▶ _Problem details_
Return the entries exactly as they appear.

▶ _Study material_
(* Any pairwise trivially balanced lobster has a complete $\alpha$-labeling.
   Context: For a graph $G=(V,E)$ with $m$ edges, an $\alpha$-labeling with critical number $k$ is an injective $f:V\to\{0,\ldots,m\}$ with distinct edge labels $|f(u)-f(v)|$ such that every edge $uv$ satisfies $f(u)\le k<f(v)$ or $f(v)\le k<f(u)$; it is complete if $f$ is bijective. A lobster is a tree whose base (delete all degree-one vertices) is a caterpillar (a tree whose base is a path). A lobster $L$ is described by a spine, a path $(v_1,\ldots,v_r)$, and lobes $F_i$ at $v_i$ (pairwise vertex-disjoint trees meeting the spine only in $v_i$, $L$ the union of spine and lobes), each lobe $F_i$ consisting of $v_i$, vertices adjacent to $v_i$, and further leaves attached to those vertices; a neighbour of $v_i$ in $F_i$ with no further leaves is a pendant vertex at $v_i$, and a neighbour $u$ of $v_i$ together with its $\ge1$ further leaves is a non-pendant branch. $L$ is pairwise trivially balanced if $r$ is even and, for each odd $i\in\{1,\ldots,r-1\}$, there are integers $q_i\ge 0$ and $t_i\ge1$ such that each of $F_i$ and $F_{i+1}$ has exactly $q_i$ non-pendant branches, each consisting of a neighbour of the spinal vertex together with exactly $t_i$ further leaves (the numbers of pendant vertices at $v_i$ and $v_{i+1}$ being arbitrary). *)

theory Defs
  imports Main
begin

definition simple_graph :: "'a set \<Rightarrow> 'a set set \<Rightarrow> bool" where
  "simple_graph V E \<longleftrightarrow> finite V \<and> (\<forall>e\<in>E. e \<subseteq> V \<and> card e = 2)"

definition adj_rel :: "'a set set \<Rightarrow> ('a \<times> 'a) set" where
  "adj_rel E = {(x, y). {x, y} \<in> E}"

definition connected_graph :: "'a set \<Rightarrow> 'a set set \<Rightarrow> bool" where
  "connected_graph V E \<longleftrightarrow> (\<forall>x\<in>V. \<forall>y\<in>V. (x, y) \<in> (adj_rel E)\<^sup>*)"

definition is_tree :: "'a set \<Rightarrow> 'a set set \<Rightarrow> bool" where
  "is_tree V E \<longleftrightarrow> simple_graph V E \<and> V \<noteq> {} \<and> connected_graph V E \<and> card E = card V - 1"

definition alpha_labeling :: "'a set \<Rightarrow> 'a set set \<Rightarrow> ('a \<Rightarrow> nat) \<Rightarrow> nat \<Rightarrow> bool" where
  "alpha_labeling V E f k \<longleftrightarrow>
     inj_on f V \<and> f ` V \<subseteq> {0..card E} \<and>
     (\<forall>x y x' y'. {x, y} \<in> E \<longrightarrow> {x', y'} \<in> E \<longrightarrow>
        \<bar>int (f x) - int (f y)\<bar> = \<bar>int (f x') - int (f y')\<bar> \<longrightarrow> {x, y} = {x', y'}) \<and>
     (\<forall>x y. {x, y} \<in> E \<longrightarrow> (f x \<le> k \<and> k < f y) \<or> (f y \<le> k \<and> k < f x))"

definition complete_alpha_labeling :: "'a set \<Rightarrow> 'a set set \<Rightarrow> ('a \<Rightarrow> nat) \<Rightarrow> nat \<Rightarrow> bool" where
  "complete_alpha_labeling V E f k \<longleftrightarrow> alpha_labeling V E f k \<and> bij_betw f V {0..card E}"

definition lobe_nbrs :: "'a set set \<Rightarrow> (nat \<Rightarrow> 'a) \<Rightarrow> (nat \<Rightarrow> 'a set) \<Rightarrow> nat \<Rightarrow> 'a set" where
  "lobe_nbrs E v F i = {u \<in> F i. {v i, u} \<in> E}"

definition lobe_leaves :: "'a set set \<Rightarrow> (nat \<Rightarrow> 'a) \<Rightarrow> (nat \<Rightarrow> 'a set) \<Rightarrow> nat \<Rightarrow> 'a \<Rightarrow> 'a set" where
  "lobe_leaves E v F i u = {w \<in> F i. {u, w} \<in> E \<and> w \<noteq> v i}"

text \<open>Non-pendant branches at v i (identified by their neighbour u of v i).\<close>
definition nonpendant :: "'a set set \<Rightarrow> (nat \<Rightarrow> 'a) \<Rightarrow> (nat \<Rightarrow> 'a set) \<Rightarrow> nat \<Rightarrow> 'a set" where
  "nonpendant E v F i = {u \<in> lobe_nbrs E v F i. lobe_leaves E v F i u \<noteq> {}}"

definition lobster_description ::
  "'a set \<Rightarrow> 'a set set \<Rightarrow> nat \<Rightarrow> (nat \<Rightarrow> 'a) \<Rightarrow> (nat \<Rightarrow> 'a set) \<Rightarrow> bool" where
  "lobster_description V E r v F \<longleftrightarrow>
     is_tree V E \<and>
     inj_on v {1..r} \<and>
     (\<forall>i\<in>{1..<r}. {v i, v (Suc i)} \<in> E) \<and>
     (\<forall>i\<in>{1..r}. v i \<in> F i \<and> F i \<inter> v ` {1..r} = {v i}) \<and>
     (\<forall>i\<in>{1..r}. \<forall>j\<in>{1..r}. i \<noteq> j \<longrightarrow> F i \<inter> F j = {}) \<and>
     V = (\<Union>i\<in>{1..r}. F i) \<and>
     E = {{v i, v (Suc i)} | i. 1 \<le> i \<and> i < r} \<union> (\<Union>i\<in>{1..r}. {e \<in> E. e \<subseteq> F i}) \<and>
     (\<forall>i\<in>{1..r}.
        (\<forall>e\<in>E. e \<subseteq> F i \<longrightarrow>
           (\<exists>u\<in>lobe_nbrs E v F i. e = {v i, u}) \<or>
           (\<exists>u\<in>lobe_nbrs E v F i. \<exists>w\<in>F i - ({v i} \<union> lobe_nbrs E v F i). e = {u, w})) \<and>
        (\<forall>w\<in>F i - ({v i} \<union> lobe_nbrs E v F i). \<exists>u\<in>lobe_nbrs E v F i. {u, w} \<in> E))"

▶ _Solution to this problem_
(* Any pairwise trivially balanced lobster has a complete $\alpha$-labeling.
   Context: For a graph $G=(V,E)$ with $m$ edges, an $\alpha$-labeling with critical number $k$ is an injective $f:V\to\{0,\ldots,m\}$ with distinct edge labels $|f(u)-f(v)|$ such that every edge $uv$ satisfies $f(u)\le k<f(v)$ or $f(v)\le k<f(u)$; it is complete if $f$ is bijective. A lobster is a tree whose base (delete all degree-one vertices) is a caterpillar (a tree whose base is a path). A lobster $L$ is described by a spine, a path $(v_1,\ldots,v_r)$, and lobes $F_i$ at $v_i$ (pairwise vertex-disjoint trees meeting the spine only in $v_i$, $L$ the union of spine and lobes), each lobe $F_i$ consisting of $v_i$, vertices adjacent to $v_i$, and further leaves attached to those vertices; a neighbour of $v_i$ in $F_i$ with no further leaves is a pendant vertex at $v_i$, and a neighbour $u$ of $v_i$ together with its $\ge1$ further leaves is a non-pendant branch. $L$ is pairwise trivially balanced if $r$ is even and, for each odd $i\in\{1,\ldots,r-1\}$, there are integers $q_i\ge 0$ and $t_i\ge1$ such that each of $F_i$ and $F_{i+1}$ has exactly $q_i$ non-pendant branches, each consisting of a neighbour of the spinal vertex together with exactly $t_i$ further leaves (the numbers of pendant vertices at $v_i$ and $v_{i+1}$ being arbitrary). *)

theory Defs
  imports Main
begin

definition simple_graph :: "'a set \<Rightarrow> 'a set set \<Rightarrow> bool" where
  "simple_graph V E \<longleftrightarrow> finite V \<and> (\<forall>e\<in>E. e \<subseteq> V \<and> card e = 2)"

definition adj_rel :: "'a set set \<Rightarrow> ('a \<times> 'a) set" where
  "adj_rel E = {(x, y). {x, y} \<in> E}"

definition connected_graph :: "'a set \<Rightarrow> 'a set set \<Rightarrow> bool" where
  "connected_graph V E \<longleftrightarrow> (\<forall>x\<in>V. \<forall>y\<in>V. (x, y) \<in> (adj_rel E)\<^sup>*)"

definition is_tree :: "'a set \<Rightarrow> 'a set set \<Rightarrow> bool" where
  "is_tree V E \<longleftrightarrow> simple_graph V E \<and> V \<noteq> {} \<and> connected_graph V E \<and> card E = card V - 1"

definition alpha_labeling :: "'a set \<Rightarrow> 'a set set \<Rightarrow> ('a \<Rightarrow> nat) \<Rightarrow> nat \<Rightarrow> bool" where
  "alpha_labeling V E f k \<longleftrightarrow>
     inj_on f V \<and> f ` V \<subseteq> {0..card E} \<and>
     (\<forall>x y x' y'. {x, y} \<in> E \<longrightarrow> {x', y'} \<in> E \<longrightarrow>
        \<bar>int (f x) - int (f y)\<bar> = \<bar>int (f x') - int (f y')\<bar> \<longrightarrow> {x, y} = {x', y'}) \<and>
     (\<forall>x y. {x, y} \<in> E \<longrightarrow> (f x \<le> k \<and> k < f y) \<or> (f y \<le> k \<and> k < f x))"

definition complete_alpha_labeling :: "'a set \<Rightarrow> 'a set set \<Rightarrow> ('a \<Rightarrow> nat) \<Rightarrow> nat \<Rightarrow> bool" where
  "complete_alpha_labeling V E f k \<longleftrightarrow> alpha_labeling V E f k \<and> bij_betw f V {0..card E}"

definition lobe_nbrs :: "'a set set \<Rightarrow> (nat \<Rightarrow> 'a) \<Rightarrow> (nat \<Rightarrow> 'a set) \<Rightarrow> nat \<Rightarrow> 'a set" where
  "lobe_nbrs E v F i = {u \<in> F i. {v i, u} \<in> E}"

definition lobe_leaves :: "'a set set \<Rightarrow> (nat \<Rightarrow> 'a) \<Rightarrow> (nat \<Rightarrow> 'a set) \<Rightarrow> nat \<Rightarrow> 'a \<Rightarrow> 'a set" where
  "lobe_leaves E v F i u = {w \<in> F i. {u, w} \<in> E \<and> w \<noteq> v i}"

text \<open>Non-pendant branches at v i (identified by their neighbour u of v i).\<close>
definition nonpendant :: "'a set set \<Rightarrow> (nat \<Rightarrow> 'a) \<Rightarrow> (nat \<Rightarrow> 'a set) \<Rightarrow> nat \<Rightarrow> 'a set" where
  "nonpendant E v F i = {u \<in> lobe_nbrs E v F i. lobe_leaves E v F i u \<noteq> {}}"

definition lobster_description ::
  "'a set \<Rightarrow> 'a set set \<Rightarrow> nat \<Rightarrow> (nat \<Rightarrow> 'a) \<Rightarrow> (nat \<Rightarrow> 'a set) \<Rightarrow> bool" where
  "lobster_description V E r v F \<longleftrightarrow>
     is_tree V E \<and>
     inj_on v {1..r} \<and>
     (\<forall>i\<in>{1..<r}. {v i, v (Suc i)} \<in> E) \<and>
     (\<forall>i\<in>{1..r}. v i \<in> F i \<and> F i \<inter> v ` {1..r} = {v i}) \<and>
     (\<forall>i\<in>{1..r}. \<forall>j\<in>{1..r}. i \<noteq> j \<longrightarrow> F i \<inter> F j = {}) \<and>
     V = (\<Union>i\<in>{1..r}. F i) \<and>
     E = {{v i, v (Suc i)} | i. 1 \<le> i \<and> i < r} \<union> (\<Union>i\<in>{1..r}. {e \<in> E. e \<subseteq> F i}) \<and>
     (\<forall>i\<in>{1..r}.
        (\<forall>e\<in>E. e \<subseteq> F i \<longrightarrow>
           (\<exists>u\<in>lobe_nbrs E v F i. e = {v i, u}) \<or>
           (\<exists>u\<in>lobe_nbrs E v F i. \<exists>w\<in>F i - ({v i} \<union> lobe_nbrs E v F i). e = {u, w})) \<and>
        (\<forall>w\<in>F i - ({v i} \<union> lobe_nbrs E v F i). \<exists>u\<in>lobe_nbrs E v F i. {u, w} \<in> E))"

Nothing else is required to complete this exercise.